AI Policy with Matthew van der Merwe:
…Matthew van der Merwe brings you views on AI and AI policy; I (lightly) edit them…

$50,000 AI forecasting tournament:
Metaculus, an AI forecasting community and website, has announced an AI forecasting tournament, starting this month and running until February 2023. There will be questions on progress on ~30 AI benchmarks, over 6-month; 12-month; and 24-month time horizons. The tournament has a prize pool of $50,000, which will be paid out to the top forecasters. The tournament is being hosted in collaboration with the Open Philanthropy Project.

Existing forecasts: The tournament questions have yet to be announced, so I’ll share some other forecasts from Metaculus (see also Import 212). Metaculus users currently estimate: 70% that if queried, the first AGI system claims to be conscious; 25% that photonic tensors will be widely available for training ML models; 88% that an ML model with 100 trillion parameters will be trained by 2026; 45% that GPT language models generate less than $1bn revenues by 2025; 25% that if tested, GPT-3 demonstrates text-based intelligence parity with human 4th graders.

Matthew’s view: As regular readers will know, I’m very bullish on the value of AI forecasting. I see foresight as a key ingredient in ensuring that AI progress goes well. While the competition is running, it should provide good object-level judgments about near-term AI progress. As the results are scored, it might yield useful insights about what differentiates the best forecasts/forecasters. I’m excited about the tournament, and will be participating myself.
Pre-register for the tournament here.

###################################################

Tech Tales:

The Narrative Control Department
[A beautiful house in South West London, 2030]
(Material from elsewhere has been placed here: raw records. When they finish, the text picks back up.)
(* Let $M$ be an automaton with $\mathit{regular\_ta}(M)$. Then $\mathit{tau\_sim}\ M\ (\mathit{tauclose\_ta}\ M)$.
   Context: Actions are $\mathit{NoAct}$ (silent) and $\mathit{AssAct}\ x\ v$. An edge over node type $N$ is a record $(\mathit{source},\mathit{action},\mathit{dest})$ with source and destination in $N$. An automaton over $N$ is a record with a list $\mathit{nodes}$ of nodes, a list $\mathit{edges}$ of edges, and an initial node $\mathit{init\_s}$. $\mathit{regular\_ta}(M)$ means $\mathit{init\_s}(M)\in\mathit{nodes}(M)$ and every edge of $M$ has source and destination in $\mathit{nodes}(M)$. $\mathit{tauclose\_step}\ M\ s\ X = \{s\}\cup X\cup\{n\in\mathit{nodes}(M) : \exists e\in\mathit{edges}(M).\ \mathit{source}\ e\in X \wedge \mathit{action}\ e=\mathit{NoAct}\wedge \mathit{dest}\ e=n\}$; this is monotone in $X$, and $\mathit{tauclose}\ M\ s$ is its least fixed point. $\mathit{tauclose\_ta}\ M$ is the automaton over sets of nodes with: $\mathit{nodes}$ the list of $\mathit{tauclose}\ M\ n$ for $n\in\mathit{nodes}(M)$; $\mathit{init\_s}=\mathit{tauclose}\ M\ (\mathit{init\_s}\ M)$; $\mathit{edges}$ the list of those edges $(\mathit{source}=\mathit{tauclose}\ M\ n_1,\mathit{action}=a,\mathit{dest}=\mathit{tauclose}\ M\ n_2)$, where $n_1,n_2\in\mathit{nodes}(M)$ and $a$ is the action of some edge of $M$, for which there exist $s_1,s_2$ with $\mathit{tauclose}\ M\ s_1=\mathit{tauclose}\ M\ n_1$, $\mathit{tauclose}\ M\ s_2=\mathit{tauclose}\ M\ n_2$, $a\neq\mathit{NoAct}$, and some $s\in\mathit{tauclose}\ M\ s_1$ with $(\mathit{source}=s,\mathit{action}=a,\mathit{dest}=s_2)\in\mathit{edges}(M)$. For automata $M_1,M_2$, $\mathit{tau\_sim}\ M_1\ M_2$ holds iff there is a relation $R$ between nodes of $M_1$ and nodes of $M_2$ with $R(\mathit{init\_s}\ M_1,\mathit{init\_s}\ M_2)$ such that whenever $R(s_1,s_2)$ and $(\mathit{source}=s_1,\mathit{action}=a,\mathit{dest}=s_1')\in\mathit{edges}(M_1)$, then either ($a=\mathit{NoAct}$ and $R(s_1',s_2)$) or there is $s_2'$ with $(\mathit{source}=s_2,\mathit{action}=a,\mathit{dest}=s_2')\in\mathit{edges}(M_2)$ and $R(s_1',s_2')$. *)

theory Defs
  imports Main
begin

datatype ('x, 'v) action = NoAct | AssAct 'x 'v

record ('n, 'x, 'v) edge =
  source :: 'n
  action :: "('x, 'v) action"
  dest :: 'n

record ('n, 'x, 'v) ta =
  nodes :: "'n list"
  edges :: "('n, 'x, 'v) edge list"
  init_s :: 'n

definition regular_ta :: "('n, 'x, 'v) ta \<Rightarrow> bool" where
  "regular_ta M \<longleftrightarrow> init_s M \<in> set (nodes M) \<and>
     (\<forall>e \<in> set (edges M). source e \<in> set (nodes M) \<and> dest e \<in> set (nodes M))"

definition tauclose_step :: "('n, 'x, 'v) ta \<Rightarrow> 'n \<Rightarrow> 'n set \<Rightarrow> 'n set" where
  "tauclose_step M s X = {s} \<union> X \<union>
     {n \<in> set (nodes M). \<exists>e \<in> set (edges M). source e \<in> X \<and> action e = NoAct \<and> dest e = n}"

lemma mono_tauclose_step: "mono (tauclose_step M s)"
  unfolding tauclose_step_def mono_def by blast

definition tauclose :: "('n, 'x, 'v) ta \<Rightarrow> 'n \<Rightarrow> 'n set" where
  "tauclose M s = lfp (tauclose_step M s)"

definition tauclose_ta :: "('n, 'x, 'v) ta \<Rightarrow> ('n set, 'x, 'v) ta" where
  "tauclose_ta M = \<lparr>
     nodes = map (tauclose M) (nodes M),
     edges = [\<lparr>source = tauclose M n1, action = a, dest = tauclose M n2\<rparr>.
               n1 \<leftarrow> nodes M, n2 \<leftarrow> nodes M, a \<leftarrow> map action (edges M),
               \<exists>s1 s2. tauclose M s1 = tauclose M n1 \<and> tauclose M s2 = tauclose M n2 \<and>
                 a \<noteq> NoAct \<and>
                 (\<exists>s \<in> tauclose M s1. \<lparr>source = s, action = a, dest = s2\<rparr> \<in> set (edges M))],
     init_s = tauclose M (init_s M) \<rparr>"

definition tau_sim :: "('n1, 'x, 'v) ta \<Rightarrow> ('n2, 'x, 'v) ta \<Rightarrow> bool" where
  "tau_sim M1 M2 \<longleftrightarrow> (\<exists>R. R (init_s M1) (init_s M2) \<and>
     (\<forall>s1 s2 a s1'. R s1 s2 \<longrightarrow>
        \<lparr>source = s1, action = a, dest = s1'\<rparr> \<in> set (edges M1) \<longrightarrow>
        ((a = NoAct \<and> R s1' s2) \<or>
         (\<exists>s2'. \<lparr>source = s2, action = a, dest = s2'\<rparr> \<in> set (edges M2) \<and> R s1' s2'))))"

end

theory Submission
  imports Defs
begin

text \<open>A node s is related to a state T of the closed automaton when T is the \<tau>-closure of some
node and contains s. Silent moves of M stay inside T, since \<tau>-closures are closed under silent
edges; a visible move from s \<in> T is matched by the edge of the closed automaton from T to the
\<tau>-closure of the target, which contains the target.\<close>

lemma tauclose_unfold: "tauclose_step M s (tauclose M s) = tauclose M s"
  unfolding tauclose_def by (rule lfp_fixpoint[OF mono_tauclose_step])

lemma tauclose_refl: "s \<in> tauclose M s"
  using tauclose_unfold[of M s] unfolding tauclose_step_def by blast

lemma tauclose_NoAct_closed:
  assumes "x \<in> tauclose M s" and "\<lparr>source = x, action = NoAct, dest = y\<rparr> \<in> set (edges M)"
    and "y \<in> set (nodes M)"
  shows "y \<in> tauclose M s"
proof -
  have "y \<in> tauclose_step M s (tauclose M s)"
    using assms unfolding tauclose_step_def by force
  then show ?thesis
    by (simp only: tauclose_unfold)
qed

lemma tauclose_ta_edgeI:
  assumes "n1 \<in> set (nodes M)" and "n2 \<in> set (nodes M)" and "a \<noteq> NoAct"
    and "s \<in> tauclose M n1" and "\<lparr>source = s, action = a, dest = n2\<rparr> \<in> set (edges M)"
  shows "\<lparr>source = tauclose M n1, action = a, dest = tauclose M n2\<rparr> \<in> set (edges (tauclose_ta M))"
proof -
  obtain e where "e \<in> set (edges M)" and "a = action e"
    using assms(5) by force
  with assms show ?thesis
    unfolding tauclose_ta_def by simp blast
qed

lemma init_s_tauclose_ta: "init_s (tauclose_ta M) = tauclose M (init_s M)"
  unfolding tauclose_ta_def by simp

definition in_tauclose_of_node :: "('n, 'x, 'v) ta \<Rightarrow> 'n \<Rightarrow> 'n set \<Rightarrow> bool" where
  "in_tauclose_of_node M s T \<longleftrightarrow> s \<in> T \<and> (\<exists>n \<in> set (nodes M). T = tauclose M n)"

lemma in_tauclose_of_node_step:
  assumes "regular_ta M" and "in_tauclose_of_node M s1 T"
    and edge: "\<lparr>source = s1, action = a, dest = s1'\<rparr> \<in> set (edges M)"
  shows "(a = NoAct \<and> in_tauclose_of_node M s1' T) \<or>
    (\<exists>T'. \<lparr>source = T, action = a, dest = T'\<rparr> \<in> set (edges (tauclose_ta M)) \<and>
      in_tauclose_of_node M s1' T')"
proof -
  obtain n where n: "n \<in> set (nodes M)" and T: "T = tauclose M n" and s1: "s1 \<in> tauclose M n"
    using assms(2) unfolding in_tauclose_of_node_def by blast
  have s1': "s1' \<in> set (nodes M)"
    using assms(1) edge unfolding regular_ta_def by (metis edge.select_convs(3))
  show ?thesis
  proof (cases "a = NoAct")
    case True
    then have "s1' \<in> T"
      unfolding T using tauclose_NoAct_closed[OF s1 _ s1'] edge by simp
    with True n T show ?thesis
      unfolding in_tauclose_of_node_def by blast
  next
    case False
    have "\<lparr>source = T, action = a, dest = tauclose M s1'\<rparr> \<in> set (edges (tauclose_ta M))"
      unfolding T by (rule tauclose_ta_edgeI[OF n s1' False s1 edge])
    moreover have "in_tauclose_of_node M s1' (tauclose M s1')"
      unfolding in_tauclose_of_node_def using s1' by (auto intro: tauclose_refl)
    ultimately show ?thesis by blast
  qed
qed

theorem theorem2:
  fixes M :: "('n, 'x, 'v) ta"
  assumes "regular_ta M"
  shows "tau_sim M (tauclose_ta M)"
proof -
  have "init_s M \<in> set (nodes M)"
    using assms unfolding regular_ta_def by simp
  then have "in_tauclose_of_node M (init_s M) (init_s (tauclose_ta M))"
    unfolding in_tauclose_of_node_def init_s_tauclose_ta by (auto intro: tauclose_refl)
  then show ?thesis
    unfolding tau_sim_def using in_tauclose_of_node_step[OF assms] by blast
qed

end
“General, we’re seeing an uptick in memes that contradict our official messaging around Rule 470.” “What do you suggest we do?”
“Start a conflict. At least three sides. Make sure no one side wins.”
“At once, General.”

And with that, the machines spun up – literally. They turned on new computers and their fans revved up. People with tattoos of skeletons at keyboards high-fived eachother. The servers warmed up and started to churn out their fake text messages and synthetic memes, to be handed off to the ‘insertion team’ who would pass the data into a few thousand sock puppet accounts, which would start the fight.
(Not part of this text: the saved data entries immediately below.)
lemma sub_Cons_None: "sub f [i] = None \<Longrightarrow> sub f (i # p) = None"
  using sub_append[of f "[i]" p] by simp

lemma binder_of_Cons: "sub f [i] = Some g \<Longrightarrow> binder_of f (i # q) x \<longleftrightarrow> binder_of g q x"
  by (drule sub_Cons[of _ _ _ q]) (simp add: binder_of_def)

lemma fv_child: "sub f [i] = Some g \<Longrightarrow> x \<in> fv g \<Longrightarrow> \<not> binder_of f [] x \<Longrightarrow> x \<in> fv f"
  by (cases "(f, [i])" rule: sub.cases) (auto simp: binder_of_def)

lemma Var_unbound_free:
  "sub f p = Some (Var x) \<Longrightarrow> \<forall>q. strict_prefix q p \<longrightarrow> \<not> binder_of f q x \<Longrightarrow> x \<in> fv f"
proof (induction p arbitrary: f)
  case (Cons i p)
  then obtain g where g: "sub f [i] = Some g" by (cases "sub f [i]") (simp_all add: sub_Cons_None)
  have "x \<in> fv g"
    using Cons.prems g by (intro Cons.IH) (simp_all add: sub_Cons[OF g] binder_of_Cons[OF g, symmetric])
  moreover have "\<not> binder_of f [] x" using Cons.prems(2) by simp
  ultimately show ?case by (rule fv_child[OF g])
qed simp

lemma Var_nearest_binder_exists:
  assumes "sub f p = Some (Var x)" "x \<notin> fv f"
  shows "\<exists>q. nearest_binder f p x q"
proof -
  let ?B = "\<lambda>q. strict_prefix q p \<and> binder_of f q x"
  obtain q0 where "?B q0" using Var_unbound_free[OF assms(1)] assms(2) by blast
  moreover have "\<forall>q. ?B q \<longrightarrow> length q < Suc (length p)"
    by (auto dest: prefix_length_less)
  ultimately obtain q where "?B q" "\<forall>q'. ?B q' \<longrightarrow> length q' \<le> length q"
    using Lattices_Big.ex_has_greatest_nat[of ?B q0 length] by blast
  then have "nearest_binder f p x q"
    unfolding nearest_binder_def by (force dest: prefix_length_less)
  then show ?thesis ..
qed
Hours later, the General asked for a report.
“We’ve detected a meaningful rise in inter-faction conflict and we’ve successfully moved the discussion from Rule 470 to a parallel argument about the larger rulemaking process.”
“Excellent. And what about our rivals?”
“We’ve detected a few Russian and Chinese account networks, but they’re staying quiet for now. If they’re mentioning anything at all, it’s in line with our narrative. They’re saving the IDs for another day, I think.”
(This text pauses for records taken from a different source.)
definition weak_grad :: "(R3 \<Rightarrow> real) \<Rightarrow> (R3 \<Rightarrow> R3) \<Rightarrow> bool" where
  "weak_grad u g \<longleftrightarrow> (\<forall>i. (\<lambda>x. g x $ i) \<in> borel_measurable lborel) \<and>
     (\<forall>\<phi> \<phi>'. bounded {x. \<phi> x \<noteq> 0} \<and> (\<forall>x. (\<phi> has_derivative \<phi>' x) (at x)) \<and>
           (\<forall>i. continuous_on UNIV (\<lambda>x. \<phi>' x (axis i 1))) \<longrightarrow>
        (\<forall>i. integrable lborel (\<lambda>x. u x * \<phi>' x (axis i 1)) \<and>
             integrable lborel (\<lambda>x. g x $ i * \<phi> x) \<and>
             (\<integral>x. u x * \<phi>' x (axis i 1) \<partial>lborel) = - (\<integral>x. g x $ i * \<phi> x \<partial>lborel)))"

definition H1 :: "(R3 \<Rightarrow> real) set" where
  "H1 = {u. u \<in> borel_measurable lborel \<and> integrable lborel (\<lambda>x. (u x)\<^sup>2) \<and>
            (\<exists>g. weak_grad u g \<and> integrable lborel (\<lambda>x. (norm (g x))\<^sup>2))}"

definition grad :: "(R3 \<Rightarrow> real) \<Rightarrow> R3 \<Rightarrow> R3" where
  "grad u = (SOME g. weak_grad u g \<and> integrable lborel (\<lambda>x. (norm (g x))\<^sup>2))"

definition F_prim :: "(real \<Rightarrow> real) \<Rightarrow> real \<Rightarrow> real" where
  "F_prim f t = (LBINT s=0..t. f s)"

definition W_sp :: "(R3 \<Rightarrow> real) \<Rightarrow> real \<Rightarrow> (R3 \<Rightarrow> real) set" where
  "W_sp V \<epsilon> = {u \<in> H1. integrable lborel (\<lambda>x. V (\<epsilon> *\<^sub>R x) * (u x)\<^sup>2)}"

definition phi_pot :: "(R3 \<Rightarrow> real) \<Rightarrow> R3 \<Rightarrow> real" where
  "phi_pot u x = (\<integral>y. (1 - exp (- dist x y)) / dist x y * (u y)\<^sup>2 \<partial>lborel)"

definition Neh_eps :: "(R3 \<Rightarrow> real) \<Rightarrow> real \<Rightarrow> (R3 \<Rightarrow> real) set" where
  "Neh_eps V \<epsilon> = {u \<in> W_sp V \<epsilon>. (\<integral>x. phi_pot u x * (u x)\<^sup>2 \<partial>lborel) = 1}"

definition E_V0 :: "(real \<Rightarrow> real) \<Rightarrow> real \<Rightarrow> (R3 \<Rightarrow> real) \<Rightarrow> real" where
  "E_V0 f V0 u = 1/2 * (\<integral>x. (norm (grad u x))\<^sup>2 \<partial>lborel) + V0 / 2 * (\<integral>x. (u x)\<^sup>2 \<partial>lborel)
                 + (\<integral>x. F_prim f (u x) \<partial>lborel)"

definition Neh_V0 :: "(R3 \<Rightarrow> real) set" where
  "Neh_V0 = {u \<in> H1. (\<integral>x. phi_pot u x * (u x)\<^sup>2 \<partial>lborel) = 1}"

definition t_eps :: "(R3 \<Rightarrow> real) \<Rightarrow> real \<Rightarrow> (R3 \<Rightarrow> real) \<Rightarrow> real" where
  "t_eps V \<epsilon> u = (THE t. t > 0 \<and> (\<lambda>x. t * u x) \<in> Neh_eps V \<epsilon>)"

definition Psi :: "(real \<Rightarrow> real) \<Rightarrow> (R3 \<Rightarrow> real) \<Rightarrow> real \<Rightarrow> R3 \<Rightarrow> R3 \<Rightarrow> real" where
  "Psi \<eta> uu \<epsilon> y x = \<eta> (norm (\<epsilon> *\<^sub>R x - y)) * uu ((1 / \<epsilon>) *\<^sub>R (\<epsilon> *\<^sub>R x - y))"

definition Phi :: "(R3 \<Rightarrow> real) \<Rightarrow> (real \<Rightarrow> real) \<Rightarrow> (R3 \<Rightarrow> real) \<Rightarrow> real \<Rightarrow> R3 \<Rightarrow> R3 \<Rightarrow> real" where
  "Phi V \<eta> uu \<epsilon> y = (\<lambda>x. t_eps V \<epsilon> (Psi \<eta> uu \<epsilon> y) * Psi \<eta> uu \<epsilon> y x)"

definition chi :: "real \<Rightarrow> R3 \<Rightarrow> R3" where
  "chi \<rho> x = (if norm x \<le> \<rho> then x else (\<rho> / norm x) *\<^sub>R x)"

definition beta :: "real \<Rightarrow> real \<Rightarrow> (R3 \<Rightarrow> real) \<Rightarrow> R3" where
  "beta \<rho> \<epsilon> u = (\<integral>x. (u x)\<^sup>2 *\<^sub>R chi \<rho> (\<epsilon> *\<^sub>R x) \<partial>lborel) /\<^sub>R (\<integral>x. (u x)\<^sup>2 \<partial>lborel)"

end

(*
  For small \<epsilon> the barycenter is not merely close to y but equal to it, so the
  convergence is trivially uniform on M. Let R be such that u does not vanish a.e.
  on the ball B_R, and let \<epsilon> R \<le> T/2.

  Write \<Psi>_{\<epsilon>,y}(x) = w(x - y/\<epsilon>) with the radial profile w(z) = \<eta>(|\<epsilon> z|) u(z).
  Since w = u on B_R, \<Psi>_{\<epsilon>,y} is not a.e. zero; it lies in H^1 by the product rule
  for weak gradients, and the Yukawa energy of t \<Psi>_{\<epsilon>,y} is t^4 times a positive
  constant, so t_\<epsilon>(\<Psi>_{\<epsilon>,y}) is a well-defined positive number, and \<beta>_\<epsilon> is
  invariant under this scaling. On the support of \<Psi>_{\<epsilon>,y} we have |\<epsilon> x - y| < T,
  hence \<epsilon> x lies in B_\<rho> and \<chi>(\<epsilon> x) = \<epsilon> x. As w is even, its first moment
  vanishes, and \<integral> \<Psi>\<^sup>2 \<epsilon> x = \<epsilon> (y/\<epsilon>) \<integral> w\<^sup>2 = y \<integral> \<Psi>\<^sup>2.
*)

theory Submission
  imports Defs
begin

section \<open>Integrals over Euclidean space\<close>

lemma lborel_distr_uminus_euclidean: "distr lborel borel uminus = (lborel :: 'a::euclidean_space measure)"
  using lborel_affine[of "-1" "0::'a"] by (simp add: density_1)

lemma
  fixes f :: "'a::euclidean_space \<Rightarrow> 'b::{banach,second_countable_topology}"
  assumes [measurable]: "f \<in> borel_measurable lborel"
  shows integrable_lborel_translate: "integrable lborel (\<lambda>x. f (a + x)) \<longleftrightarrow> integrable lborel f"
    and integral_lborel_translate: "(\<integral>x. f (a + x) \<partial>lborel) = integral\<^sup>L lborel f"
proof -
  show "integrable lborel (\<lambda>x. f (a + x)) \<longleftrightarrow> integrable lborel f"
    using integrable_distr_eq[of "(+) a" lborel borel f] by (simp add: lborel_distr_plus)
  show "(\<integral>x. f (a + x) \<partial>lborel) = integral\<^sup>L lborel f"
    using integral_distr[of "(+) a" lborel borel f] by (simp add: lborel_distr_plus)
qed

lemma
  fixes f :: "'a::euclidean_space \<Rightarrow> 'b::{banach,second_countable_topology}"
  assumes [measurable]: "f \<in> borel_measurable lborel"
  shows integrable_lborel_translate_diff: "integrable lborel (\<lambda>x. f (x - a)) \<longleftrightarrow> integrable lborel f"
    and integral_lborel_translate_diff: "(\<integral>x. f (x - a) \<partial>lborel) = integral\<^sup>L lborel f"
  using integrable_lborel_translate[OF assms, of "- a"] integral_lborel_translate[OF assms, of "- a"]
  by simp_all

lemma integral_lborel_odd_eq_0:
  fixes f :: "'a::euclidean_space \<Rightarrow> 'b::{banach,second_countable_topology}"
  assumes [measurable]: "f \<in> borel_measurable lborel" and odd: "\<And>x. f (- x) = - f x"
  shows "integral\<^sup>L lborel f = 0"
proof -
  have "integral\<^sup>L lborel f = (\<integral>x. f (- x) \<partial>lborel)"
    using integral_distr[of uminus lborel borel f] by (simp add: lborel_distr_uminus_euclidean)
  also have "\<dots> = - integral\<^sup>L lborel f" by (simp add: odd)
  finally have "(2::real) *\<^sub>R integral\<^sup>L lborel f = 0"
    by (simp add: scaleR_2 eq_neg_iff_add_eq_0)
  then show ?thesis by simp
qed

lemma continuous_bounded_support_bounded:
  fixes f :: "'a::euclidean_space \<Rightarrow> real"
  assumes "continuous_on UNIV f" "bounded {x. f x \<noteq> 0}"
  obtains C where "\<And>x. \<bar>f x\<bar> \<le> C"
proof -
  obtain R where R: "{x. f x \<noteq> 0} \<subseteq> cball 0 R"
    using bounded_subset_ballD[OF assms(2), of 0] ball_subset_cball by blast
  have "bounded (f ` cball 0 R)"
    by (intro compact_imp_bounded compact_continuous_image continuous_on_subset[OF assms(1)]) auto
  then obtain B where B: "\<And>y. y \<in> f ` cball 0 R \<Longrightarrow> norm y \<le> B"
    unfolding bounded_iff by metis
  have "\<bar>f x\<bar> \<le> max B 0" for x
  proof (cases "f x = 0")
    case False
    then have "x \<in> cball 0 R" using R by blast
    then show ?thesis using B[of "f x"] by simp
  qed simp
  then show ?thesis using that by blast
qed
That night, the General got home around 8pm, and at the dinner table his teenage girls talked about their day.
  “Do you know how these laws get made?” the older teenager said. “It’s crazy. I was reading about it online after the 470 blowup. I just don’t know if I trust it.”
  “Trust the laws that gave Dad his job? I don’t think so!” said the other teenager.
  They laughed, as did the General’s wife. The General stared at the peas on his plate and stuck his fork into the middle of them, scattering so many little green spheres around his plate.

Things that inspired this story: State-backed information campaigns; collateral damage and what that looks like in the ‘posting wars’; AI-driven content production for text, images, videos; warfare and its inevitability; teenagers and their inevitability; the fact that EVERYONE goes to some kind of home at some point in their day or week and these homes are always different to how you’d expect.